Line 122 (Granada-Maracena-Albolote-Atarfe)

Line 123 (Granada-Albolote por Carretera de
Jaén)

Line 117 (Granada-Pantano de Cubillas)

METRO:

Since September 2017, Albolote is connected to Granada by the metro.

== Public services ==

=== Healthcare ===
Albolote has a basic zone of healthcare, inside the sanitary district of Granada.
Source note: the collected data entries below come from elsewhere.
lemma coeff_charpoly_card: "coeff (charpoly (Y::'a::idom^'n^'n)) CARD('n) = (-1) ^ CARD('n)"
proof -
  define f where "f p i = [:Y$i$(p i), if i = p i then -1 else 0:]" for p and i :: 'n
  have off_diagonal: "coeff (\<Prod>i\<in>UNIV. f p i) CARD('n) = 0" if "p \<noteq> id" for p
  proof -
    obtain k where k: "p k \<noteq> k" using \<open>p \<noteq> id\<close> by (metis eq_id_iff)
    have "degree (\<Prod>i\<in>UNIV. f p i) \<le> (\<Sum>i\<in>UNIV. degree (f p i))"
      using degree_prod_sum_le[of UNIV "f p"] by (simp add: o_def)
    also have "\<dots> = (\<Sum>i\<in>UNIV - {k}. degree (f p i))"
      using k by (intro sum.mono_neutral_right) (auto simp: f_def)
    also have "\<dots> \<le> (\<Sum>i\<in>UNIV - {k}. 1)"
      by (rule sum_mono) (simp add: f_def)
    also have "\<dots> < CARD('n)" by (simp add: card_Diff_singleton)
    finally show ?thesis by (simp add: coeff_eq_0)
  qed
  have "degree (\<Prod>i\<in>UNIV. f id i) = CARD('n)"
    by (subst degree_prod_eq_sum_degree) (auto simp: f_def)
  moreover have "lead_coeff (\<Prod>i\<in>UNIV. f id i) = (\<Prod>i\<in>UNIV. lead_coeff (f id i))"
    by (rule lead_coeff_prod)
  ultimately have diagonal: "coeff (\<Prod>i\<in>UNIV. f id i) CARD('n) = (-1) ^ CARD('n)"
    by (simp add: f_def)
  have "coeff (charpoly Y) CARD('n) =
        (\<Sum>p | p permutes (UNIV::'n set). of_int (sign p) * coeff (\<Prod>i\<in>UNIV. f p i) CARD('n))"
    unfolding charpoly_def f_def coeff_sum by (simp add: of_int_poly)
  also have "\<dots> = of_int (sign (id::'n \<Rightarrow> 'n)) * coeff (\<Prod>i\<in>UNIV. f id i) CARD('n)"
    by (rule sum.mono_neutral_left[symmetric, where S = "{id}", simplified])
       (auto simp: off_diagonal permutes_id)
  finally show ?thesis by (simp add: diagonal sign_id)
qed

lemma complex_matrix_has_eigenvector:
  fixes Y :: "complex^'n^'n"
  obtains c v where "v \<noteq> 0" "Y *v v = c *s v"
proof -
  have "coeff (charpoly Y) CARD('n) \<noteq> 0"
    by (simp add: coeff_charpoly_card)
  then have "degree (charpoly Y) \<noteq> 0"
    using le_degree[of "charpoly Y" "CARD('n)"] zero_less_card_finite[where 'a='n] by linarith
  then obtain c where "poly (charpoly Y) c = 0"
    by (metis constant_degree fundamental_theorem_of_algebra)
  then have "\<not> invertible (Y - mat c)"
    by (simp add: poly_charpoly invertible_det_nz)
  then obtain v where "v \<noteq> 0" "(Y - mat c) *v v = 0"
    using invertible_left_inverse matrix_left_invertible_ker by blast
  then show thesis
    using that by (simp add: matrix_vector_mult_diff_rdistrib mat_mult_vec)
qed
The town has a healthcare center in the street Alfonso XIII Nº7, and a medical consultory in the town of Chaparral.

=== Education ===
The town has 13 education centers where there is education for people of all ages:

| Generic Denomination | 'Name' | 'Nature' | 'Address' |
|---|---|---|---|
| Education center for adults | S.E.P. "Albolut" | Public | Doctor Burgos Canals, 6 |
| Education center for adults | C.E.P. "Concepción Arenal" | Public | Ctra. de Colomera km. 16,5 |
| Private educational institute | Colegio "Ave María" | Private | Jacobo Camarero, 3 |
| Private pre-school education center | E.I. "Anaki" | Private | Baza, parcela 345. P.I. Juncaril |
| Private pre-school education center | E.I. "Galopín" | Private | Fray Bartolomé de las Casas, 4 |
| Private pre-school education center | E.I. "Loma Verde" | Private | Av. de las Acacias, s/n. Urbanización Loma Verde |
| Private pre-school education center | E.I. "Nenes" | Private | Doctor Laureano Vázquez, 4, locales 7 y 8 |
| Primary school | C.E.I.P. "Abadía" | Public | Abadía, 36 |
| Primary school | C.E.I.P. "San Isidro Labrador" | Public | Av. de las Acacias, s/n. El Chaparral |
| Primary school | C.E.I.P. "Tínar" | Public | Tínar, 46 |
| Pre-school | E.I. "El Parque" | Public | Doctor Burgos Canals, s/n |
| Pre-school | E.I. "Francisco Lucilo de Carvajal" | Public | Doctor Burgos Canals, 8 |
| Secondary Education institute | I.E.S. "Aricel" | Public | Aricel, s/n |

== Culture ==
The popular celebrations are held during the first weekend of August beginning in Thursday. These celebrations are in honor of the saint of the town, the Holly Christ of Health.